3. In the sentence starting with "should be no problem" This verbal group is missing a subject
Re:Or maybe (Score:4, Informative)
Also, "me" is the wrong pronoun in this case. It should be "I".
Re: (Score:2)
You only got one out of three of those right.
Re: (Score:2)
If you guys can't agree, how do you expect an algorithm to solve it? Or a group of humans to do it fairly?
Re: (Score:3)
Re: (Score:3)
I 100% agree. But that doesn't mean there wasn't an inherent bias in the essay grading that was used to "train" the algorithm. Grading art is subjective. A sentence may be technically correct, but if the grader doesn't like the tone, style, or word choice they are likely to grade it lower. If you get enough of these lower grades together and use it to train an algorithm, the end result is a computer that doesn't like a particular writing style.
A person from the inner city of Chicago is going to have a di
Re: (Score:2)
proper English. me and lots of others who weren't born here somehow had to learn it
I see what you did there :-)
Re: (Score:2)
The problem is that the "established criteria" had a bias, so the automated testing picked up and amplified that bias. From the article: "The problem is that bias is another kind of pattern, and so these machine learning systems are also going to pick it up"
According to the article, the problem is that the algorithm criteria don't match the hoped for criteria (the purported "established criteria"), which is why the human-graded scores differ. In particular, the algorithm and the hoped-for criteria differ in that the algorithm overemphasizes (i.e., is biased toward) "essay length and sophisticated word choice" and de-emphasizes (i.e., is biased against) "grammar, style, and organization".
Re: (Score:3)
The problem is that the "established criteria" had a bias,
No, there is nothing in the article to say that. The problem exists even if there is no bias in the data fed to the AI.
The problem is simple: blacks do not write as well as others, on average. The AI does not consciously identify anyone by race, but it does learn that people using a certain way of writing are likely to be not as good.

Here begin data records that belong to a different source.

section \<open>One-sided choices of annihilating functionals\<close>

context
  fixes n :: nat and F :: "'a::field vec \<Rightarrow> 'a vec"
  assumes F_carrier: "\<And>x. x \<in> carrier_vec n \<Longrightarrow> x \<noteq> 0\<^sub>v n \<Longrightarrow> F x \<in> carrier_vec n"
    and F_annihilates: "\<And>x. x \<in> carrier_vec n \<Longrightarrow> x \<noteq> 0\<^sub>v n \<Longrightarrow> F x \<bullet> x = 0"
    and F_nonzero: "\<And>x. x \<in> carrier_vec n \<Longrightarrow> x \<noteq> 0\<^sub>v n \<Longrightarrow> \<exists>y\<in>carrier_vec n. F x \<bullet> y = 1"
    and F_one_sided: "\<And>x y. x \<in> carrier_vec n \<Longrightarrow> x \<noteq> 0\<^sub>v n \<Longrightarrow> y \<in> carrier_vec n \<Longrightarrow>
      y \<noteq> 0\<^sub>v n \<Longrightarrow> F x \<bullet> y = 0 \<or> F y \<bullet> x = 0"
begin

lemma one_sided_chain_exists:
  assumes "n \<ge> 1"
  shows "\<exists>xs. (\<forall>i\<le>k. xs i \<in> carrier_vec n \<and> xs i \<noteq> 0\<^sub>v n) \<and>
    (\<forall>i\<le>k. \<forall>j\<le>i. F (xs i) \<bullet> xs j = 0) \<and> (\<forall>i<k. F (xs i) \<bullet> xs (Suc i) = 1)"
proof (induction k)
  case 0
  have "unit_vec n 0 \<noteq> (0\<^sub>v n :: 'a vec)"
    using assms by simp
  then show ?case
    using F_annihilates[of "unit_vec n 0"] by (intro exI[of _ "\<lambda>_. unit_vec n 0"]) auto
next
  case (Suc k)
  then obtain xs where xs: "\<And>i. i \<le> k \<Longrightarrow> xs i \<in> carrier_vec n \<and> xs i \<noteq> 0\<^sub>v n"
    and below: "\<And>i j. i \<le> k \<Longrightarrow> j \<le> i \<Longrightarrow> F (xs i) \<bullet> xs j = 0"
    and next_one: "\<And>i. i < k \<Longrightarrow> F (xs i) \<bullet> xs (Suc i) = 1"
    by blast
  obtain y where "y \<in> carrier_vec n" "F (xs k) \<bullet> y = 1"
    using F_nonzero xs[of k] by blast
  then obtain v where v: "v \<in> carrier_vec n" and v_one: "\<And>i. i \<le> k \<Longrightarrow> F (xs i) \<bullet> v = 1"
    using triangular_system_solvable[of k "\<lambda>i. F (xs i)" n xs y] F_carrier xs below next_one
    by blast
  have v_nonzero: "v \<noteq> 0\<^sub>v n"
    using v_one[of 0] F_carrier[of "xs 0"] xs[of 0] by auto
  \<comment> \<open>each earlier functional is nonzero on v, so one-sidedness forces F v to vanish on the chain\<close>
  have v_kills: "F v \<bullet> xs j = 0" if "j \<le> k" for j
    using F_one_sided[of "xs j" v] xs[OF that] v v_nonzero v_one[OF that] by auto
  define xs' where "xs' = xs(Suc k := v)"
  have "\<forall>i\<le>Suc k. xs' i \<in> carrier_vec n \<and> xs' i \<noteq> 0\<^sub>v n"
    using xs v v_nonzero by (auto simp: xs'_def le_Suc_eq)
  moreover have "\<forall>i\<le>Suc k. \<forall>j\<le>i. F (xs' i) \<bullet> xs' j = 0"
    using below v_kills F_annihilates[OF v v_nonzero] by (auto simp: xs'_def le_Suc_eq)
  moreover have "\<forall>i<Suc k. F (xs' i) \<bullet> xs' (Suc i) = 1"
    using next_one v_one by (auto simp: xs'_def less_Suc_eq)
  ultimately show ?case
    by blast
qed

lemma one_sided_annihilator_assignment_impossible:
  assumes "n \<ge> 1"
  shows False
proof -
  obtain xs where xs: "\<And>i. i \<le> n \<Longrightarrow> xs i \<in> carrier_vec n \<and> xs i \<noteq> 0\<^sub>v n"
    and below: "\<And>i j. i \<le> n \<Longrightarrow> j \<le> i \<Longrightarrow> F (xs i) \<bullet> xs j = 0"
    and next_one: "\<And>i. i < n \<Longrightarrow> F (xs i) \<bullet> xs (Suc i) = 1"
    using one_sided_chain_exists[OF assms, of n] by blast
  have "\<exists>c\<in>carrier_vec n. c \<noteq> 0\<^sub>v n \<and>
    (\<forall>w\<in>carrier_vec n. (\<Sum>i<n. c $ i * (F (xs i) \<bullet> w)) = 0)"
    by (rule functionals_dependent_of_common_zero) (use F_carrier xs below in auto)
  then obtain c where c: "c \<in> carrier_vec n" "c \<noteq> 0\<^sub>v n"
    and comb: "\<And>w. w \<in> carrier_vec n \<Longrightarrow> (\<Sum>i<n. c $ i * (F (xs i) \<bullet> w)) = 0"
    by blast
  have "c $ i = 0" if "i < n" for i
    using triangular_functionals_independent[of n "\<lambda>i. F (xs i)" xs "\<lambda>i. c $ i"] that
      below next_one comb xs by simp
  then have "c = 0\<^sub>v n"
    using c(1) by (intro eq_vecI) auto
  then show False
    using c(2) by contradiction
qed

end

theorem mainTheorem8:
  fixes n :: nat and V :: "'a::field mat set"
  assumes char: "(2::'a) \<noteq> 0"
    and V: "lin_subspace_mat n V"
    and hyp: "(n \<ge> 3 \<and> (\<forall>u\<in>V. card {k. eigenvalue u k} \<le> 2)) \<or>
              (n \<ge> 2 \<and> (\<forall>u\<in>V. card {k. eigenvalue u k \<and> k \<noteq> 0} \<le> 1))"
  shows "\<exists>x. good_vector n V x"
proof (rule ccontr)
  assume "\<nexists>x. good_vector n V x"
  then have "\<forall>x\<in>carrier_vec n - {0\<^sub>v n}. \<exists>f. trace_free_dyad n V x f"
    using trace_free_dyad_of_not_good V unfolding lin_subspace_mat_def by blast
  then obtain F where F: "\<And>x. x \<in> carrier_vec n \<Longrightarrow> x \<noteq> 0\<^sub>v n \<Longrightarrow> trace_free_dyad n V x (F x)"
    by (auto dest!: bchoice)
  show False
  proof (rule one_sided_annihilator_assignment_impossible)
    show "F x \<in> carrier_vec n" "F x \<bullet> x = 0" "\<exists>y\<in>carrier_vec n. F x \<bullet> y = 1"
      if "x \<in> carrier_vec n" "x \<noteq> 0\<^sub>v n" for x
      using F[OF that] unfolding trace_free_dyad_def is_dyad_def by auto
    show "F x \<bullet> y = 0 \<or> F y \<bullet> x = 0"
      if "x \<in> carrier_vec n" "x \<noteq> 0\<^sub>v n" "y \<in> carrier_vec n" "y \<noteq> 0\<^sub>v n" for x y
      using trace_free_dyads_one_sided[OF char V hyp F[OF that(1,2)] F[OF that(3,4)]] .
    show "n \<ge> 1"
      using hyp by auto
  qed
qed

end
(* Let $A,B\in\mathbb M(n)$, $1\le k\le n$, let $A=U|A|$ be a polar decomposition of $A$, and suppose $s_k(A)>0$. Then $A$ is norm-parallel to $B$ in $\|\cdot\|_{(k)}$ (i.e. $\|A+\lambda B\|_{(k)}=\|A\|_{(k)}+\|B\|_{(k)}$ for some $\lambda\in\mathbb C$ with $|\lambda|=1$) if and only if there exist $k$ orthonormal vectors $u_1,\dots,u_k\in\mathbb C^n$ such that $|A|u_i=s_i(A)u_i$ for all $1\le i\le k$ and $\big|\sum_{i=1}^k\langle u_i,U^*Bu_i\rangle\big|=\|B\|_{(k)}$.
   Context: $U$ is unitary, $|A|=(A^*A)^{1/2}$, $s_1(A)\ge\dots\ge s_n(A)$ are the singular values, and $\|X\|_{(k)}$ is the sum of the $k$ largest singular values of $X$. Inner products are conjugate linear in the first argument and linear in the second. *)

theory Defs
  imports "Jordan_Normal_Form.Jordan_Normal_Form" "Jordan_Normal_Form.Schur_Decomposition" "HOL-Library.Multiset"
begin

(* Inner product on C^n, conjugate-linear in the FIRST argument: <x,y> = sum conj(x_i) y_i *)
definition cinner :: "complex vec \<Rightarrow> complex vec \<Rightarrow> complex" where
  "cinner x y = conjugate x \<bullet> y"

abbreviation adj :: "complex mat \<Rightarrow> complex mat" where
  "adj A \<equiv> mat_adjoint A"

definition unitary_mat :: "nat \<Rightarrow> complex mat \<Rightarrow> bool" where
  "unitary_mat n U \<longleftrightarrow> U \<in> carrier_mat n n \<and> adj U * U = 1\<^sub>m n \<and> U * adj U = 1\<^sub>m n"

This learning enables the AI to more accurately grade the papers, but it can mean that the best black kids will have their papers marked down. The AI has no hate, just col
Re: (Score:2)
Sure the algorithm doesn't "care" about someone's ethnicity or religion or socioeconomic background, because it's not person; however that does not mean it necessarily gives unbiased results. Excessive sensitivity to irrelevant differences in word choice is a long-standing problem in psychometrics.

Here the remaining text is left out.